Book Launch: Buddhist Landscapes: Art and Archaeology of the Khorat Plateau, 7th to 11th Centuries

Key information

Date
Time
6:30 pm to 8:30 pm
Venue
Royal Asiatic Society, 14 Stephenson Way, London NW1 2HD
Room
Lecture Theatre
Event type
Launch

About this event

Buddha image

The Khorat Plateau is a landscape of some 155,000 square kilometres of what is now northeast Thailand and central Laos. Despite the rich evidence for the region's dynamism and development in the metal age, knowledge of subsequent first millennium developments on the Khorat Plateau remains limited.

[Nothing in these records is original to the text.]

lemma integral_deriv_min:
  "(\<integral>t. (deriv w t * min t lam) * indicator {0<..} t \<partial>lborel)
     = - (\<integral>t. (w t * (1 - (if lam < t then 1 else 0))) * indicator {0<..} t \<partial>lborel)"
proof -
  note w0 = test_function_vanishes_nonpos[OF w order.refl]
  note cont = test_function_isCont[OF w] test_function_isCont_deriv[OF w]
  obtain b where b: "\<And>t. b \<le> t \<Longrightarrow> w t = 0 \<and> deriv w t = 0 \<and> deriv (deriv w) t = 0"
    using test_function_vanishes_beyond[OF w] by blast
  define B where "B = max b lam"
  have split: "(\<lambda>t. (deriv w t * min t lam) * indicator {0<..} t)
      = (\<lambda>t. (lam * deriv w t) * indicator {0..B} t - ((lam - t) * deriv w t) * indicator {0..lam} t)"
  proof
    fix t
    consider "t \<le> 0" | "0 < t" "t \<le> lam" | "lam < t" "t \<le> B" | "B < t"
      by linarith
    then show "(deriv w t * min t lam) * indicator {0<..} t
      = (lam * deriv w t) * indicator {0..B} t - ((lam - t) * deriv w t) * indicator {0..lam} t"
    proof cases
      case 1
      then show ?thesis
        using w0 lam by (cases "t = 0") (auto simp: indicator_def B_def)
    next
      case 2
      then show ?thesis
        by (auto simp: indicator_def algebra_simps min_def B_def)
    qed (use lam b[of t] in \<open>auto simp: indicator_def min_def B_def\<close>)
  qed
  have restrict: "(\<lambda>t. (w t * (1 - (if lam < t then 1 else 0))) * indicator {0<..} t)
      = (\<lambda>t. w t * indicator {0..lam} t)"
  proof
    fix t
    show "(w t * (1 - (if lam < t then 1 else 0))) * indicator {0<..} t = w t * indicator {0..lam} t"
      using w0 lam by (cases "t = 0") (auto simp: indicator_def)
  qed
  have i: "integrable lborel (\<lambda>t. (lam * deriv w t) * indicator {0..B} t)"
    "integrable lborel (\<lambda>t. ((lam - t) * deriv w t) * indicator {0..lam} t)"
    by (intro integrable_continuous_indicator_Icc continuous_intros cont)+
  have ftc_B: "(\<integral>t. (lam * deriv w t) * indicator {0..B} t \<partial>lborel) = lam * w B - lam * w 0"
    by (rule integral_FTC_Icc_real)
       (use lam in \<open>auto intro!: derivative_eq_intros test_function_DERIV[OF w] continuous_intros cont
         simp: B_def\<close>)
  show ?thesis
    unfolding split restrict Bochner_Integration.integral_diff[OF i] ftc_B
      integral_linear_weight_deriv
    using w0 b[of B] by (simp add: B_def)
qed

end

section \<open>Measure-theoretic tools\<close>

lemma AE_lborel_inverse:
  fixes P :: "real \<Rightarrow> bool"
  assumes "AE s in lborel. s > 0 \<longrightarrow> P s"
  shows "AE t in lborel. t > 0 \<longrightarrow> P (1 / t)"
proof -
  obtain N where "{s \<in> space lborel. \<not> (s > 0 \<longrightarrow> P s)} \<subseteq> N"
    and "emeasure lborel N = 0" "N \<in> sets lborel"
    using assms by (rule AE_E)
  then have N: "{s \<in> space lborel. \<not> (s > 0 \<longrightarrow> P s)} \<subseteq> N" "N \<in> null_sets lborel"
    by (auto intro: null_setsI)
  have "negligible N"
    using null_sets_completionI[OF N(2)] by (simp add: negligible_iff_null_sets)
  then have "negligible (N \<inter> {0<..})"
    by (rule negligible_subset) auto
  moreover have "(\<lambda>s::real. 1 / s) differentiable_on (N \<inter> {0<..})"
    by (auto intro!: derivative_intros simp: differentiable_on_def)
  ultimately have "negligible ((\<lambda>s::real. 1 / s) ` (N \<inter> {0<..}))"
    by (intro negligible_differentiable_image_negligible) auto
  then have null: "(\<lambda>s::real. 1 / s) ` (N \<inter> {0<..}) \<in> null_sets lebesgue"
    by (simp add: negligible_iff_null_sets)
  have "AE t in lebesgue. t > 0 \<longrightarrow> P (1 / t)"
  proof (rule AE_I'[OF null])
    show "{t \<in> space lebesgue. \<not> (t > 0 \<longrightarrow> P (1 / t))} \<subseteq> (\<lambda>s. 1 / s) ` (N \<inter> {0<..})"
    proof
      fix t
      assume "t \<in> {t \<in> space lebesgue. \<not> (t > 0 \<longrightarrow> P (1 / t))}"
      then have "1 / t \<in> N" "1 / t > 0"
        using N(1) by auto
      then show "t \<in> (\<lambda>s. 1 / s) ` (N \<inter> {0<..})"
        by (intro image_eqI[of _ _ "1 / t"]) auto
    qed
  qed
  then show ?thesis
    by (simp add: AE_completion_iff)
qed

The spread of Buddhism across the region has been overshadowed by the attention given the Dvāravatī culture of the Chao Phraya Basin to its west and the Zhenla and later Angkor civilisations to its south and southeast.

In this lecture, Stephen Murphy will discuss his new book which, built on extensive fieldwork and archaeological surveys, reveals the Khorat Plateau as having a distinctive Buddhist culture, including new forms of art and architecture, and a characteristic aesthetic.

Moreover, by combining archaeological and art historical analysis with an historical ecology approach, he traces the outlines of Buddhism's spread into the region, along its major river systems.

In this lecture he will illustrate how he read this history into and against the Khorat landscape, attending to the emergence of monumental architecture such as stūpas and Buddha images carved into the rockfaces of hills and mountainsides, and the importance on the Khorat Plateau of the use of boundary markers, or sīmā.

The book provides a new picture of the region in the first and early second millennia, adding to our understanding of the development of Buddhism in Southeast Asia.

This lecture is hosted by the Royal Asiatic Society.

Book cover

About the Speaker

Stephen A. Murphy is Pratapaditya Pal Senior Lecturer in Curating and Museology of Asian Art at SOAS, University of London. He specializes in the art and archaeology of Buddhism and Hinduism in first millennium CE Southeast Asia with a focus on Thailand and Laos. He has a particular interest in the 7th to 9th centuries CE as well as maritime connectivity between Southeast Asian cultures, Tang China, and the Indian Ocean world in general. His museological focus engages with issues of restitution and curation of Asian art.

About the Respondent

Professor Ashley Thompson is the Hiram W. Woodward Chair in Southeast Asian Art, SOAS University of London.

Image: Detail of Buddha image in mahāparinibbāṇa posture carved into the rock face on the Phu Wiang Mountain range, Khon Kaen province, Thailand. Late 8th to early 9th century. Author’s photograph.